Something the OP might want to consider is "Do you have any upward mobility where you're at?"

It sounds like you're in a relatively secure and mutually beneficial relationship where you're at. If there's a way *up* there, as opposed to a very bottom-heavy organization, you'd be better off passing on the thrills and thinking in terms of going for a longer-term career.

If you think short-term, that's what you'll get. In the long run you may get to be a much better providor staying where you're at.


----------



## SoCal911 (Jan 16, 2012)

0% chance at upward mobility. Everyone who's been employed here hates it. I don't mind it, but possibly because I'm not burnt out...yet. Our COO and VicePresident and most of our HR team all abandoned ship in the last month, which makes me wonder if the company is about to go under.. As well as us closing a few stations.

Care seems to have it all and all the benefits, but I'd be driving from riverside to OC with a 12mpg truck. The gas working day cars and the lessened hours 36-48 from 72-96 and twice the amount of driving resulting from the 24 to day car swap is the only thing holding me back. 

Essentially that's what I'm looking for, is for a current or former care employee to fill me in about getting on 24's and getting more hours. We're only promised 36-48, but does everyone get usually get more than that?

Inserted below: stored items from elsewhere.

lemma power2_L2norm_add:
  assumes "u \<in> L2 M" "v \<in> L2 M"
  shows "(L2norm M (\<lambda>\<omega>. u \<omega> + v \<omega>))^2
    = (L2norm M u)^2 + 2 * (LINT \<omega>|M. u \<omega> * v \<omega>) + (L2norm M v)^2"
proof -
  have "(\<lambda>\<omega>. (u \<omega> + v \<omega>)^2) = (\<lambda>\<omega>. (u \<omega>)^2 + 2 * (u \<omega> * v \<omega>) + (v \<omega>)^2)"
    by (simp add: power2_eq_square algebra_simps)
  then show ?thesis
    using assms by (simp add: power2_L2norm L2_integrable_power2 L2_integrable_mult)
qed

lemma power2_L2norm_diff:
  assumes "u \<in> L2 M" "v \<in> L2 M"
  shows "(L2norm M (\<lambda>\<omega>. u \<omega> - v \<omega>))^2
    = (L2norm M u)^2 - 2 * (LINT \<omega>|M. u \<omega> * v \<omega>) + (L2norm M v)^2"
proof -
  have "(\<lambda>\<omega>. (u \<omega> - v \<omega>)^2) = (\<lambda>\<omega>. (u \<omega>)^2 - 2 * (u \<omega> * v \<omega>) + (v \<omega>)^2)"
    by (simp add: power2_eq_square algebra_simps)
  then show ?thesis
    using assms by (simp add: power2_L2norm L2_integrable_power2 L2_integrable_mult)
qed

lemma L2norm_pos_part_le_shift:
  assumes "z \<in> L2 M" "u \<in> L2 M" "AE \<omega> in M. 0 \<le> u \<omega>"
  shows "L2norm M (pos_part z) \<le> L2norm M (pos_part (\<lambda>\<omega>. z \<omega> + u \<omega>))"
  by (rule L2norm_mono_AE[OF L2_pos_part[OF L2_add[OF assms(1,2)]]])
    (use assms(3) in \<open>auto simp: pos_part_def\<close>)

lemma power2_L2norm_pos_part_shift_le:
  assumes z: "z \<in> L2 M" and v: "v \<in> L2 M" and u: "AE \<omega> in M. 0 \<le> u \<omega> \<and> u \<omega> \<le> v \<omega>"
  shows "(L2norm M (pos_part (\<lambda>\<omega>. z \<omega> + u \<omega>)))^2
    \<le> (L2norm M (pos_part z))^2 + 2 * (LINT \<omega>|M. pos_part z \<omega> * v \<omega>) + (L2norm M v)^2"
proof -
  have "L2norm M (pos_part (\<lambda>\<omega>. z \<omega> + u \<omega>)) \<le> L2norm M (\<lambda>\<omega>. pos_part z \<omega> + v \<omega>)"
    by (rule L2norm_mono_AE[OF L2_add[OF L2_pos_part[OF z] v]]) (use u in \<open>auto simp: pos_part_def\<close>)
  then have "(L2norm M (pos_part (\<lambda>\<omega>. z \<omega> + u \<omega>)))^2 \<le> (L2norm M (\<lambda>\<omega>. pos_part z \<omega> + v \<omega>))^2"
    by (rule power_mono[OF _ L2norm_nonneg])
  then show ?thesis
    using power2_L2norm_add[OF L2_pos_part[OF z] v] by simp
qed

lemma L2norm_pos_part_shift_le_of_nonpos:
  assumes "u \<in> L2 M" "AE \<omega> in M. z \<omega> \<le> 0" "AE \<omega> in M. 0 \<le> u \<omega>"
  shows "L2norm M (pos_part (\<lambda>\<omega>. z \<omega> + u \<omega>)) \<le> L2norm M u"
  by (rule L2norm_mono_AE) (use assms in \<open>auto simp: pos_part_def\<close>)

lemma L2norm_pos_part_le_min:
  assumes "u \<in> L2 M" "z \<in> L2 M" "AE \<omega> in M. 0 \<le> u \<omega>"
  shows "L2norm M (pos_part z) \<le> L2norm M (\<lambda>\<omega>. min (- z \<omega>) (u \<omega>))"
  by (rule L2norm_mono_AE[OF L2_min[OF L2_minus[OF assms(2)] assms(1)]])
    (use assms(3) in \<open>auto simp: pos_part_def\<close>)

lemma power2_L2norm_le_pos_part_shift:
  assumes z: "z \<in> L2 M" and u: "u \<in> L2 M"
  shows "(L2norm M u)^2
    \<le> (L2norm M (pos_part (\<lambda>\<omega>. z \<omega> + u \<omega>)))^2 + 2 * L2norm M u * L2norm M (\<lambda>\<omega>. min (- z \<omega>) (u \<omega>))"
proof -
  define V where "V = (\<lambda>\<omega>. min (- z \<omega>) (u \<omega>))"
  have V: "V \<in> L2 M" unfolding V_def by (intro L2_min L2_minus z u)
  have "pos_part (\<lambda>\<omega>. z \<omega> + u \<omega>) = (\<lambda>\<omega>. u \<omega> - V \<omega>)"
    by (auto simp: pos_part_def V_def max_def min_def)
  then have "(L2norm M (pos_part (\<lambda>\<omega>. z \<omega> + u \<omega>)))^2
      = (L2norm M u)^2 - 2 * (LINT \<omega>|M. u \<omega> * V \<omega>) + (L2norm M V)^2"
    using power2_L2norm_diff[OF u V] by simp
  moreover have "(LINT \<omega>|M. u \<omega> * V \<omega>) \<le> L2norm M u * L2norm M V"
    by (rule L2_Cauchy_Schwarz[OF u V])
  ultimately show ?thesis
    unfolding V_def[symmetric] using zero_le_power2[of "L2norm M V"]
    by (simp only: mult.assoc)
qed

section \<open>Weak lower semicontinuity along weak limit points\<close>

lemma weakly_lsc_le_of_tendsto:
  assumes "weakly_lsc F" "weak_conv s x" "\<forall>\<^sub>F k in sequentially. F (s k) \<le> u k" "u \<longlonglongrightarrow> c"
  shows "F x \<le> c"
proof -
  have "ereal (F x) \<le> liminf (\<lambda>k. ereal (F (s k)))"
    using assms(1,2) by (simp add: weakly_lsc_def)
  also have "\<dots> \<le> liminf (\<lambda>k. ereal (u k))"
    by (rule Liminf_mono) (use assms(3) in auto)
  also have "\<dots> = ereal c"
    by (rule lim_imp_Liminf) (simp_all add: assms(4))
  finally show ?thesis by simp
qed

lemma weakly_lsc_eventually_gt:
  assumes "weakly_lsc F" "weak_conv s x" "c < F x"
  shows "\<forall>\<^sub>F k in sequentially. c < F (s k)"
proof -
  have "ereal c < ereal (F x)"
    using assms(3) by simp
  also have "\<dots> \<le> liminf (\<lambda>k. ereal (F (s k)))"
    using assms(1,2) by (simp add: weakly_lsc_def)
  finally have "ereal c < liminf (\<lambda>k. ereal (F (s k)))" .
  then show ?thesis
    using less_LiminfD by fastforce
qed

lemma weak_limit_point_Suc:
  assumes "weak_limit_point s x"
  shows "weak_limit_point (\<lambda>k. s (Suc k)) x"
proof -
  obtain r where r: "strict_mono r" "weak_conv (s \<circ> r) x"
    using assms by (auto simp: weak_limit_point_def)
  define r' where "r' k = r (Suc k) - 1" for k
  have Suc_r': "Suc (r' k) = r (Suc k)" for k
  proof -
    have "r 0 < r (Suc k)"
      using r(1) by (simp add: strict_mono_less)
    then show ?thesis by (simp add: r'_def)
  qed
  have "strict_mono r'"
    using r(1) Suc_r' by (intro strict_monoI_Suc) (metis Suc_less_eq lessI strict_monoD)
  moreover have "weak_conv (\<lambda>k. s (r (Suc k))) x"
    using r(2) by (auto simp: weak_conv_def intro: LIMSEQ_Suc)
  ultimately show ?thesis
    unfolding weak_limit_point_def by (auto simp: o_def Suc_r')
qed

lemma weak_limit_point_lsc_le_on_superlevel:
  assumes "weakly_lsc F" "weakly_lsc H" "weak_limit_point s x" "b < H x"
    and "\<And>k. b < H (s k) \<Longrightarrow> F (s k) \<le> u k" "u \<longlonglongrightarrow> c"
  shows "F x \<le> c"
proof -
  obtain r where r: "strict_mono r" "weak_conv (s \<circ> r) x"
    using assms(3) by (auto simp: weak_limit_point_def)
  have "\<forall>\<^sub>F j in sequentially. b < H ((s \<circ> r) j)"
    by (rule weakly_lsc_eventually_gt[OF assms(2) r(2) assms(4)])
  then have "\<forall>\<^sub>F j in sequentially. F ((s \<circ> r) j) \<le> (u \<circ> r) j"
    by eventually_elim (simp add: assms(5))
  then show ?thesis
    by (rule weakly_lsc_le_of_tendsto[OF assms(1) r(2) _ LIMSEQ_subseq_LIMSEQ[OF assms(6) r(1)]])
qed

lemma weak_limit_point_lsc_le:
  assumes "weakly_lsc F" "weak_limit_point s x" "\<And>k. F (s k) \<le> u k" "u \<longlonglongrightarrow> c"
  shows "F x \<le> c"
  by (rule weak_limit_point_lsc_le_on_superlevel[OF assms(1,1,2), of "F x - 1"]) (use assms(3,4) in auto)

section \<open>Iterates of the augmented Lagrangian method\<close>

lemma eventually_stationary_or_filterlim_at_top:
  fixes \<rho> :: "nat \<Rightarrow> real"
  assumes pos: "\<And>k. 0 < \<rho> k" and "1 < \<gamma>"
    and step: "\<And>k. \<rho> (Suc k) = \<rho> k \<or> \<rho> (Suc k) = \<gamma> * \<rho> k"
  shows "(\<forall>\<^sub>F k in sequentially. \<rho> (Suc k) = \<rho> k) \<or> filterlim \<rho> at_top sequentially"
proof -
  have "\<rho> k \<le> \<gamma> * \<rho> k" for k
    using pos[of k] \<open>1 < \<gamma>\<close> by simp
  then have inc: "incseq \<rho>"
    using step by (intro incseq_SucI) (metis order_refl)
  show ?thesis
  proof (cases "\<exists>B. \<forall>k. \<rho> k \<le> B")
    case True
    then obtain L where "\<rho> \<longlonglongrightarrow> L"
      using inc incseq_convergent by blast
    then have "(\<lambda>k. \<rho> (Suc k) - \<rho> k) \<longlonglongrightarrow> L - L"
      by (intro tendsto_diff LIMSEQ_Suc)
    moreover have "0 < (\<gamma> - 1) * \<rho> 0"
      using pos[of 0] \<open>1 < \<gamma>\<close> by simp
    ultimately have "\<forall>\<^sub>F k in sequentially. \<rho> (Suc k) - \<rho> k < (\<gamma> - 1) * \<rho> 0"
      by (simp add: order_tendstoD(2))
    then have "\<forall>\<^sub>F k in sequentially. \<rho> (Suc k) = \<rho> k"
    proof eventually_elim
      case (elim k)
      have "(\<gamma> - 1) * \<rho> 0 \<le> (\<gamma> - 1) * \<rho> k"
        using inc \<open>1 < \<gamma>\<close> by (simp add: incseq_def)
      then show ?case
        using elim step[of k] by (auto simp: algebra_simps)
    qed
    then show ?thesis ..
  next
    case False
    have "\<forall>\<^sub>F k in sequentially. Z \<le> \<rho> k" for Z
    proof -
      obtain K where "Z < \<rho> K"
        using False by (meson not_le)
      then show ?thesis
        using inc by (auto simp: eventually_sequentially incseq_def intro: order_trans[OF less_imp_le])
    qed
    then show ?thesis
      by (simp add: filterlim_at_top)
  qed
qed

lemma tendsto_zero_of_eventually_contracting:
  fixes a :: "nat \<Rightarrow> real"
  assumes "\<And>k. 0 \<le> a k" "\<tau> < 1" "\<forall>\<^sub>F k in sequentially. a (Suc k) \<le> \<tau> * a k"
  shows "a \<longlonglongrightarrow> 0"
proof -
  obtain N where "\<And>k. N \<le> k \<Longrightarrow> a (Suc k) \<le> \<tau> * a k"
    using assms(3) by (auto simp: eventually_sequentially)
  then have "summable a"
    using assms(1,2) by (intro summable_ratio_test[of \<tau> N]) auto
  then show ?thesis
    by (rule summable_LIMSEQ_zero)
qed

locale auglag_run =
  fixes M :: "'w measure"
    and e :: "'y \<Rightarrow> 'w \<Rightarrow> real"
    and f :: "'x::real_normed_vector \<Rightarrow> real"
    and g :: "'x \<Rightarrow> 'y"
    and x :: "nat \<Rightarrow> 'x"
    and w :: "nat \<Rightarrow> 'w \<Rightarrow> real"
    and wmax :: "'w \<Rightarrow> real"
    and \<rho> \<epsilon> :: "nat \<Rightarrow> real"
    and \<gamma> \<tau> :: real
  assumes e_L2: "\<And>y. e y \<in> L2 M"
    and wmax_L2: "wmax \<in> L2 M"
    and w_L2: "\<And>k. w k \<in> L2 M"
    and w_bnd: "\<And>k. AE \<omega> in M. 0 \<le> w k \<omega> \<and> w k \<omega> \<le> wmax \<omega>"
    and rho0: "0 < \<rho> 0"
    and gamma: "1 < \<gamma>"
    and tau: "\<tau> < 1"
    and eps_lim: "\<epsilon> \<longlonglongrightarrow> 0"
    and x_approx: "\<And>k y. aug_lagr M e f g (\<rho> k) (x (Suc k)) (w k)
                          \<le> aug_lagr M e f g (\<rho> k) y (w k) + \<epsilon> k"
    and rho_upd: "\<And>k. \<rho> (Suc k) =
         (if k = 0 \<or>
             L2norm M (\<lambda>\<omega>. min (- e (g (x (Suc k))) \<omega>) (w k \<omega> / \<rho> k))
               \<le> \<tau> * L2norm M (\<lambda>\<omega>. min (- e (g (x k)) \<omega>) (w (k - 1) \<omega> / \<rho> (k - 1)))
          then \<rho> k else \<gamma> * \<rho> k)"
begin

lemma rho_cases: "\<rho> (Suc k) = \<rho> k \<or> \<rho> (Suc k) = \<gamma> * \<rho> k"
  using rho_upd[of k] by presburger

lemma rho_pos: "0 < \<rho> k"
proof (induction k)
  case 0
  show ?case by (rule rho0)
next
  case (Suc k)
  then show ?case
    using rho_cases[of k] gamma by auto
qed

lemma shift_L2: "(\<lambda>\<omega>. w k \<omega> / \<rho> k) \<in> L2 M"
  by (rule L2_divide[OF w_L2])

That's what happens at a.c, we're promised 40 but we get 72-96 and all the over time that comes with.


----------



## Chan (Jan 16, 2012)

One of my instructors was a Care employee that ran with Anaheim fire. I think he said he was making about $2000 a month after taxes running 24hr with fire. 

I did a ride along with Care and the guys said the first month or two you don't have a real schedule, just fit you in whenever they can until they work all the new employees into the schedule. OT he said was scarce as they had so many employees fighting for extra hours. But they said that their payroll department is top notch, they never have to double check their hours because they're always paid the correct amount.


----------



## SoCal911 (Jan 16, 2012)

2000 a month isn't bad, I could work with that. I'm making 2600/month at my current service though, quite a bit of a pay drop.


----------



## Chan (Jan 16, 2012)

$600 is quite a bit of a paycut especially in this economy, if things are good for you at AMR, I'd stay there.


----------



## SoCal911 (Jan 16, 2012)

I'm not with AMR, I'm with AmeriCare


----------



## SoCal911 (Jan 16, 2012)

If I was with AMR, I wouldnt even consider Care


----------



## Chan (Jan 16, 2012)

Lol, apologies, yeah stay where you are.


----------



## Marinelayer (Jan 19, 2012)

I work for CARE, and I have nothing but good things to say about the company.  All of their private cars are available for fire coverage, so even if you're stuck doing IFT's, you'll be running some 911.  You won't get placed on a dedicated fire car until you have the seniority to do so, meaning you have to have a certain amount of hours worked before you can bid on a permanent shift.  Shift bids come up twice a year, and until then, you'll be a floater.  As for bidding on fire shifts when they become available, each shift has its own requirements.  For example, Anaheim fire shifts run in-house with the fire dept, work on the Anaheim fire schedule, require a LOT of hrs worked, as well as a fire academy.
I don't want to discourage you from taking the job, but I will say that nobody likes working with someone who just wants fire calls, and complains the entire shift when doing routine transfers or discharges. Also, you won't be making the kind of money you're making now.  Good luck!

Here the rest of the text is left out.